June 13, 2011

Be In The Know, Now.

Getting ready for World Refugee Day 2011 (On June 20th)
With a focus on women.



The following facts, supplied by the United Nations High Commission for Refugees, illustrate the startling truth about the suffering of women

There are approximately 50 million uprooted people around the world - refugees who have sought safety in another country and people displaced within their own country. Between 75-80 per cent of them are women and children.
The majority of people flee their homes because of war and the proportion of war victims who are civilians leaped in recent decades from five per cent to over 90 per cent of casualties. Eighty per cent of casualties by small arms are women and children, who far outnumber military casualties.
Domestic violence is the most widespread form of abuse against women, with between one quarter and one half of women having been abused by a partner. Only 44 countries specifically protect women against domestic violence.
Females are subjected to widespread sexual abuse.

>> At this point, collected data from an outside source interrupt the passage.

text \<open>Player index l < N; state dimension m; player l's input
dimension is mi l; the stacked input of player l has dimension T * mi l.
A collection of player vectors U :: nat => real vec represents the stacked U = (U_1,...,U_N).\<close>

definition G_mat :: "nat \<Rightarrow> nat \<Rightarrow> real mat \<Rightarrow> real mat \<Rightarrow> nat \<Rightarrow> real mat" where
  "G_mat m T A B ml = mat (Suc T * m) (T * ml)
     (\<lambda>(r, c). let t = r div m; a = r mod m; s = c div ml; b = c mod ml in
        if s < t then (A ^\<^sub>m (t - 1 - s) * B) $$ (a, b) else 0)"

definition H_mat :: "nat \<Rightarrow> nat \<Rightarrow> real mat \<Rightarrow> real mat" where
  "H_mat m T A = mat (Suc T * m) m (\<lambda>(r, c). (A ^\<^sub>m (r div m)) $$ (r mod m, c))"

definition blkdiag_rep :: "nat \<Rightarrow> nat \<Rightarrow> real mat \<Rightarrow> real mat" where
  "blkdiag_rep k d X = mat (k * d) (k * d)
     (\<lambda>(r, c). if r div d = c div d then X $$ (r mod d, c mod d) else 0)"

definition M_blk :: "nat \<Rightarrow> nat \<Rightarrow> real mat \<Rightarrow> (nat \<Rightarrow> real mat) \<Rightarrow> (nat \<Rightarrow> nat)
     \<Rightarrow> (nat \<Rightarrow> real mat) \<Rightarrow> (nat \<Rightarrow> real mat) \<Rightarrow> (nat \<Rightarrow> real) \<Rightarrow> nat \<Rightarrow> nat \<Rightarrow> real mat" where
  "M_blk m T A B mi Q R \<gamma> l q =
     \<gamma> l \<cdot>\<^sub>m (transpose_mat (G_mat m T A (B l) (mi l)) * blkdiag_rep (Suc T) m (Q l)
                 * G_mat m T A (B q) (mi q)
              + (if l = q then blkdiag_rep T (mi l) (R l) else 0\<^sub>m (T * mi l) (T * mi q)))"

definition c_blk :: "nat \<Rightarrow> nat \<Rightarrow> real mat \<Rightarrow> (nat \<Rightarrow> real mat) \<Rightarrow> (nat \<Rightarrow> nat)
     \<Rightarrow> (nat \<Rightarrow> real mat) \<Rightarrow> real vec \<Rightarrow> nat \<Rightarrow> real vec" where
  "c_blk m T A B mi Q z0 l =
     (transpose_mat (G_mat m T A (B l) (mi l)) * blkdiag_rep (Suc T) m (Q l) * H_mat m T A) *\<^sub>v z0"

fun vsum :: "nat \<Rightarrow> (nat \<Rightarrow> real vec) \<Rightarrow> nat \<Rightarrow> real vec" where
  "vsum d f 0 = 0\<^sub>v d"
| "vsum d f (Suc k) = vsum d f k + f k"

text \<open>One step U -> W U - Gamma c - Gamma dv, blockwise (W = I - M); dv is the
disturbance, given blockwise (dv l is the l-th block).\<close>
definition lq_step :: "nat \<Rightarrow> nat \<Rightarrow> nat \<Rightarrow> real mat \<Rightarrow> (nat \<Rightarrow> real mat) \<Rightarrow> (nat \<Rightarrow> nat)
     \<Rightarrow> (nat \<Rightarrow> real mat) \<Rightarrow> (nat \<Rightarrow> real mat) \<Rightarrow> (nat \<Rightarrow> real) \<Rightarrow> real vec
     \<Rightarrow> (nat \<Rightarrow> real vec) \<Rightarrow> (nat \<Rightarrow> real vec) \<Rightarrow> (nat \<Rightarrow> real vec)" where
  "lq_step N m T A B mi Q R \<gamma> z0 dv U = (\<lambda>l.
     U l - vsum (T * mi l) (\<lambda>q. M_blk m T A B mi Q R \<gamma> l q *\<^sub>v U q) N
         - \<gamma> l \<cdot>\<^sub>v c_blk m T A B mi Q z0 l - \<gamma> l \<cdot>\<^sub>v dv l)"

text \<open>Trajectory of the learning dynamics with disturbance sequence d (d k is d^k, blockwise).
The undisturbed dynamics is the case d k = 0.\<close>
fun lq_traj :: "nat \<Rightarrow> nat \<Rightarrow> nat \<Rightarrow> real mat \<Rightarrow> (nat \<Rightarrow> real mat) \<Rightarrow> (nat \<Rightarrow> nat)
     \<Rightarrow> (nat \<Rightarrow> real mat) \<Rightarrow> (nat \<Rightarrow> real mat) \<Rightarrow> (nat \<Rightarrow> real) \<Rightarrow> real vec
     \<Rightarrow> (nat \<Rightarrow> nat \<Rightarrow> real vec) \<Rightarrow> (nat \<Rightarrow> real vec) \<Rightarrow> nat \<Rightarrow> (nat \<Rightarrow> real vec)" where
  "lq_traj N m T A B mi Q R \<gamma> z0 d U0 0 = U0"
| "lq_traj N m T A B mi Q R \<gamma> z0 d U0 (Suc k) =
     lq_step N m T A B mi Q R \<gamma> z0 (d k) (lq_traj N m T A B mi Q R \<gamma> z0 d U0 k)"

definition dist_seq_in :: "nat \<Rightarrow> (nat \<Rightarrow> nat) \<Rightarrow> nat \<Rightarrow> nat \<Rightarrow> (nat \<Rightarrow> nat \<Rightarrow> real vec) \<Rightarrow> bool" where
  "dist_seq_in N ni T i d \<longleftrightarrow>
     (\<forall>k. \<forall>q<N. d k q \<in> carrier_vec (ni q) \<and> (q \<noteq> i \<longrightarrow> d k q = 0\<^sub>v (ni q)))"

definition dist_decoupled :: "nat \<Rightarrow> nat \<Rightarrow> nat \<Rightarrow> real mat \<Rightarrow> (nat \<Rightarrow> real mat) \<Rightarrow> (nat \<Rightarrow> nat)
     \<Rightarrow> (nat \<Rightarrow> real mat) \<Rightarrow> (nat \<Rightarrow> real mat) \<Rightarrow> (nat \<Rightarrow> real) \<Rightarrow> real vec \<Rightarrow> nat \<Rightarrow> nat \<Rightarrow> bool" where
  "dist_decoupled N m T A B mi Q R \<gamma> z0 i j \<longleftrightarrow>
     (\<forall>U0 d. (\<forall>l<N. U0 l \<in> carrier_vec (T * mi l)) \<longrightarrow> dist_seq_in N (\<lambda>l. T * mi l) T i d \<longrightarrow>
        (\<forall>k. lq_traj N m T A B mi Q R \<gamma> z0 d U0 k j
             = lq_traj N m T A B mi Q R \<gamma> z0 (\<lambda>_ l. 0\<^sub>v (T * mi l)) U0 k j))"

definition ctrb_mat :: "nat \<Rightarrow> nat \<Rightarrow> real mat \<Rightarrow> real mat \<Rightarrow> nat \<Rightarrow> real mat" where
  "ctrb_mat m k A B mB = mat m (k * mB) (\<lambda>(r, c). (A ^\<^sub>m (c div mB) * B) $$ (r, c mod mB))"

definition obs_stack :: "nat \<Rightarrow> nat \<Rightarrow> real mat \<Rightarrow> real mat \<Rightarrow> nat \<Rightarrow> real mat" where
  "obs_stack m k A B mB = mat (k * mB) m
     (\<lambda>(r, c). (transpose_mat B * (transpose_mat A) ^\<^sub>m (r div mB)) $$ (r mod mB, c))"

definition sym_mat :: "real mat \<Rightarrow> bool" where
  "sym_mat X \<longleftrightarrow> transpose_mat X = X"

definition pos_def_mat :: "nat \<Rightarrow> real mat \<Rightarrow> bool" where
  "pos_def_mat n X \<longleftrightarrow> X \<in> carrier_mat n n \<and> sym_mat X \<and>
     (\<forall>x \<in> carrier_vec n. x \<noteq> 0\<^sub>v n \<longrightarrow> x \<bullet> (X *\<^sub>v x) > 0)"

definition ctrb_subspace :: "nat \<Rightarrow> real mat \<Rightarrow> real mat \<Rightarrow> nat \<Rightarrow> real vec set" where
  "ctrb_subspace n F Bc mB = {ctrb_mat n n F Bc mB *\<^sub>v x | x. x \<in> carrier_vec (n * mB)}"

definition unobs_subspace :: "nat \<Rightarrow> real mat \<Rightarrow> real mat \<Rightarrow> real vec set" where
  "unobs_subspace n C F = {x \<in> carrier_vec n. \<forall>p. C *\<^sub>v ((F ^\<^sub>m p) *\<^sub>v x) = 0\<^sub>v (dim_row C)}"

end

theory Submission
  imports Defs "Jordan_Normal_Form.VS_Connect"
begin

(* Decoupling means that a disturbance injected into player i's update never reaches player j.
   Injecting it once and following it for two steps shows that the coupling block M_ji, a
   positive multiple of G_j^T Qbar_j G_i, vanishes.  Block (p,s) of G_j^T Qbar_j G_i is the sum
   of the terms (A^a B_j)^T Q_j A^b B_i over (a,b) = (t-1-p, t-1-s), max p s < t <= T; blocks
   (p,s) and (p+1,s+1) differ by the single term with t = T, so every term with a, b < T
   vanishes, which is the first claim.  After the change of coordinates by S = Q_j^(1/2) these
   terms are the blocks of the product of the observability matrix of (B~_j^T, A~^T) with the
   controllability matrix of (A~, B~_i), so this product is zero when T >= m.  Controllable
   states are therefore annihilated by the first m observability rows, and hence, since the
   Krylov sequence x, A~^T x, ... stabilises after m steps, by all of them. *)


lemma pow_mat_Suc_left:
  fixes F :: "'a::semiring_1 mat"
  assumes F: "F \<in> carrier_mat n n"
  shows "F ^\<^sub>m Suc p = F * F ^\<^sub>m p"
proof (induction p)
  case 0
  show ?case using F by simp
next
  case (Suc p)
  have "F ^\<^sub>m Suc (Suc p) = (F * F ^\<^sub>m p) * F" using Suc by simp
  also have "\<dots> = F * F ^\<^sub>m Suc p" using F by (simp add: assoc_mult_mat[of _ n n _ n _ n])
  finally show ?case .
qed

lemma pow_mat_mult_vec_carrier [simp]:
  "F \<in> carrier_mat n n \<Longrightarrow> v \<in> carrier_vec n \<Longrightarrow> F ^\<^sub>m p *\<^sub>v v \<in> carrier_vec n"
  by (rule mult_mat_vec_carrier[of _ n n]) auto

lemma pow_mat_Suc_mult_vec:
  fixes F :: "'a::semiring_1 mat"
  assumes F: "F \<in> carrier_mat n n" and v: "v \<in> carrier_vec n"
  shows "F ^\<^sub>m Suc p *\<^sub>v v = F *\<^sub>v (F ^\<^sub>m p *\<^sub>v v)"
  unfolding pow_mat_Suc_left[OF F] using F v by (simp del: pow_mat.simps add: assoc_mult_mat_vec[of _ n n _ n])

lemma transpose_pow_mat:
  fixes A :: "'a::comm_semiring_1 mat"
  assumes A: "A \<in> carrier_mat n n"
  shows "transpose_mat (A ^\<^sub>m p) = transpose_mat A ^\<^sub>m p"
proof (induction p)
  case 0
  show ?case using A by simp
next
  case (Suc p)
  have "transpose_mat (A ^\<^sub>m Suc p) = transpose_mat A * transpose_mat (A ^\<^sub>m p)"
    using A by (simp add: transpose_mult[of _ n n _ n])
  also have "\<dots> = transpose_mat A ^\<^sub>m Suc p"
    using Suc pow_mat_Suc_left[of "transpose_mat A" n] A by simp
  finally show ?case .
qed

In Bosnia and Rwanda rape became a deliberate aim of war. More than 20,000 Muslim women were raped in Bosnia in a single year, 1992, and a great majority of the female survivors of Rwanda's 1994 genocide were assaulted.
One in five women worldwide are victims of rape, many by known attackers. Between 40-60 per cent of sexual assaults are committed against girls younger than 16.
More than 300,000 youngsters, many of them female refugees, are currently serving as child soldiers around the world. The girls are often forced into different forms of sexual slavery.
More than 16.4 million women today have HIV/AIDS and in the last few years the percentage of women infected has risen from 41 to 47 per cent of the affected population. In sub-Saharan Africa, teenage girls are five times more likely to be infected than boys.
The introduction of sex education and safety procedures can have dramatic results. In Uganda, the rates of sexual infection among educated women dropped by more than half between 1995 and 1997.
The majority of trafficked people are women, especially those bound for the world's sex industries. Females are particularly vulnerable to trafficking because many have little individual security, economic opportunity or property or land ownership. Many victims are kidnapped or sold into slavery by their own families.
An estimated 45,000 households in Rwanda are headed by children; 90 per cent of them girls.
An estimated 1.3 billion people worldwide, 70 per cent of them women, live in absolute poverty on less than $1 a day.